++++ Excerpted records
lemma emeasure_mult_sum_le_nn_integral:
  fixes \<phi> h :: "'g::{topological_group_add,t2_space} \<Rightarrow> ennreal" and lam :: "'i \<Rightarrow> 'g"
  assumes haar: "left_haar_measure \<mu>" and Q: "open Q" "uminus ` Q = Q"
    and h: "h \<in> borel_measurable \<mu>" and dom: "\<And>y u. u \<in> (+) y ` Q \<Longrightarrow> \<phi> y \<le> h u"
    and fin: "\<And>u. finite {i. lam i \<in> (+) u ` Q}" and card: "\<And>u. card {i. lam i \<in> (+) u ` Q} \<le> N"
    and F: "finite F"
  shows "emeasure \<mu> Q * (\<Sum>i\<in>F. \<phi> (lam i)) \<le> of_nat N * (\<integral>\<^sup>+u. h u \<partial>\<mu>)"
proof -
  define S where "S i = (+) (lam i) ` Q" for i
  have S: "S i \<in> sets \<mu>" for i
    unfolding S_def sets_left_haar[OF haar] using Q(1) by (simp add: open_image_add_left)
  have "emeasure \<mu> Q * \<phi> (lam i) = (\<integral>\<^sup>+u. \<phi> (lam i) * indicator (S i) u \<partial>\<mu>)" for i
    using S[of i] Q(1) unfolding S_def
    by (simp add: nn_integral_cmult_indicator emeasure_left_haar_translate[OF haar] mult.commute)
  also have "\<dots> i \<le> (\<integral>\<^sup>+u. h u * indicator (S i) u \<partial>\<mu>)" for i
    by (intro nn_integral_mono) (simp add: S_def dom indicator_def)
  finally have "emeasure \<mu> Q * (\<Sum>i\<in>F. \<phi> (lam i)) \<le> (\<Sum>i\<in>F. \<integral>\<^sup>+u. h u * indicator (S i) u \<partial>\<mu>)"
    by (simp add: sum_distrib_left sum_mono)
  also have "\<dots> = (\<integral>\<^sup>+u. h u * (\<Sum>i\<in>F. indicator (S i) u) \<partial>\<mu>)"
    using h S by (simp add: nn_integral_sum sum_distrib_left)
  also have "\<dots> \<le> (\<integral>\<^sup>+u. h u * of_nat N \<partial>\<mu>)"
    unfolding S_def using sum_indicator_translates_le[OF Q(2) fin card F]
    by (intro nn_integral_mono mult_left_mono) simp_all
  also have "\<dots> = of_nat N * (\<integral>\<^sup>+u. h u \<partial>\<mu>)"
    using nn_integral_cmult[OF h, of "of_nat N"] by (simp add: mult.commute)
  finally show ?thesis .
qed

lemma cmod_L2_inner_square_le:
  fixes f g :: "'a \<Rightarrow> complex" and A B :: "'a \<Rightarrow> real"
  assumes [measurable]: "f \<in> borel_measurable \<mu>" "A \<in> borel_measurable \<mu>" "B \<in> borel_measurable \<mu>"
    and A: "\<And>x. 0 \<le> A x" and B: "\<And>x. 0 \<le> B x"
    and g: "\<And>x. (cmod (g x))\<^sup>2 \<le> A x * B x"
  shows "ennreal ((cmod (L2_inner \<mu> f g))\<^sup>2)
    \<le> (\<integral>\<^sup>+x. ennreal ((cmod (f x))\<^sup>2 * B x) \<partial>\<mu>) * (\<integral>\<^sup>+x. ennreal (A x) \<partial>\<mu>)"
proof -
  define a where "a x = ennreal (cmod (f x) * sqrt (B x))" for x
  define b where "b x = ennreal (sqrt (A x))" for x
  have [measurable]: "a \<in> borel_measurable \<mu>" "b \<in> borel_measurable \<mu>"
    unfolding a_def b_def by measurable
  have "ennreal (cmod (L2_inner \<mu> f g)) \<le> (\<integral>\<^sup>+x. ennreal (cmod (f x) * cmod (g x)) \<partial>\<mu>)"
  proof (cases "integrable \<mu> (\<lambda>x. f x * cnj (g x))")
    case True
    then show ?thesis
      using integral_norm_bound_ennreal unfolding L2_inner_def by (fastforce simp: norm_mult)
  qed (simp add: L2_inner_def not_integrable_integral_eq)
  also have "\<dots> \<le> (\<integral>\<^sup>+x. a x * b x \<partial>\<mu>)"
  proof (intro nn_integral_mono)
    fix x
    have "cmod (g x) \<le> sqrt (A x) * sqrt (B x)"
      using g[of x] by (simp add: real_le_rsqrt flip: real_sqrt_mult)
    then have "cmod (f x) * cmod (g x) \<le> cmod (f x) * (sqrt (A x) * sqrt (B x))"
      by (rule mult_left_mono) simp
    then show "ennreal (cmod (f x) * cmod (g x)) \<le> a x * b x"
      unfolding a_def b_def using A[of x] B[of x] by (simp add: ennreal_leI mult_ac flip: ennreal_mult)
  qed
  finally have "ennreal ((cmod (L2_inner \<mu> f g))\<^sup>2) \<le> (\<integral>\<^sup>+x. a x * b x \<partial>\<mu>)\<^sup>2"
    by (subst ennreal_power[symmetric]) (simp_all add: power_mono)
  also have "\<dots> \<le> (\<integral>\<^sup>+x. a x ^ 2 \<partial>\<mu>) * (\<integral>\<^sup>+x. b x ^ 2 \<partial>\<mu>)"
    by (rule Cauchy_Schwarz_nn_integral) measurable
  also have "\<dots> = (\<integral>\<^sup>+x. ennreal ((cmod (f x))\<^sup>2 * B x) \<partial>\<mu>) * (\<integral>\<^sup>+x. ennreal (A x) \<partial>\<mu>)"
    unfolding a_def b_def using A B by (simp add: ennreal_power power_mult_distrib)
  finally show ?thesis .
qed

lemma sum_cmod_L2_inner_square_le:
  fixes f :: "'a \<Rightarrow> complex" and g :: "'i \<Rightarrow> 'a \<Rightarrow> complex" and A B :: "'i \<Rightarrow> 'a \<Rightarrow> real"
  assumes f [measurable]: "f \<in> borel_measurable \<mu>"
    and A: "\<And>i. A i \<in> borel_measurable \<mu>" "\<And>i x. 0 \<le> A i x"
    and B: "\<And>i. B i \<in> borel_measurable \<mu>" "\<And>i x. 0 \<le> B i x"
    and g: "\<And>i x. (cmod (g i x))\<^sup>2 \<le> A i x * B i x"
    and column: "\<And>i. (\<integral>\<^sup>+x. ennreal (A i x) \<partial>\<mu>) \<le> C\<^sub>1"
    and row: "\<And>x. (\<Sum>i\<in>F. ennreal (B i x)) \<le> C\<^sub>2"
  shows "(\<Sum>i\<in>F. ennreal ((cmod (L2_inner \<mu> f (g i)))\<^sup>2))
    \<le> C\<^sub>1 * C\<^sub>2 * (\<integral>\<^sup>+x. ennreal ((cmod (f x))\<^sup>2) \<partial>\<mu>)"
proof -
  have "(\<Sum>i\<in>F. ennreal ((cmod (L2_inner \<mu> f (g i)))\<^sup>2))
      \<le> (\<Sum>i\<in>F. (\<integral>\<^sup>+x. ennreal ((cmod (f x))\<^sup>2 * B i x) \<partial>\<mu>) * C\<^sub>1)"
  proof (rule sum_mono)
    fix i
    have "ennreal ((cmod (L2_inner \<mu> f (g i)))\<^sup>2)
        \<le> (\<integral>\<^sup>+x. ennreal ((cmod (f x))\<^sup>2 * B i x) \<partial>\<mu>) * (\<integral>\<^sup>+x. ennreal (A i x) \<partial>\<mu>)"
      by (rule cmod_L2_inner_square_le[OF f A(1) B(1) A(2) B(2) g])
    also have "\<dots> \<le> (\<integral>\<^sup>+x. ennreal ((cmod (f x))\<^sup>2 * B i x) \<partial>\<mu>) * C\<^sub>1"
      by (intro mult_left_mono column) simp
    finally show "ennreal ((cmod (L2_inner \<mu> f (g i)))\<^sup>2)
        \<le> (\<integral>\<^sup>+x. ennreal ((cmod (f x))\<^sup>2 * B i x) \<partial>\<mu>) * C\<^sub>1" .
  qed
  also have "\<dots> = (\<integral>\<^sup>+x. ennreal ((cmod (f x))\<^sup>2) * (\<Sum>i\<in>F. ennreal (B i x)) \<partial>\<mu>) * C\<^sub>1"
    using f B by (simp add: nn_integral_sum sum_distrib_left sum_distrib_right ennreal_mult del: sum_ennreal)
  also have "\<dots> \<le> (\<integral>\<^sup>+x. ennreal ((cmod (f x))\<^sup>2) * C\<^sub>2 \<partial>\<mu>) * C\<^sub>1"
    by (intro mult_right_mono nn_integral_mono mult_left_mono row) simp_all
  also have "\<dots> = C\<^sub>1 * C\<^sub>2 * (\<integral>\<^sup>+x. ennreal ((cmod (f x))\<^sup>2) \<partial>\<mu>)"
    by (subst nn_integral_multc) (measurable, simp add: mult_ac)
  finally show ?thesis .
qed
++++++++
* _Requirement_: Every line of the entries above that includes "column" should be copied.

* _Task solution_:
    and column: "\<And>i. (\<integral>\<^sup>+x. ennreal (A i x) \<partial>\<mu>) \<le> C\<^sub>1"
      by (intro mult_left_mono column) simp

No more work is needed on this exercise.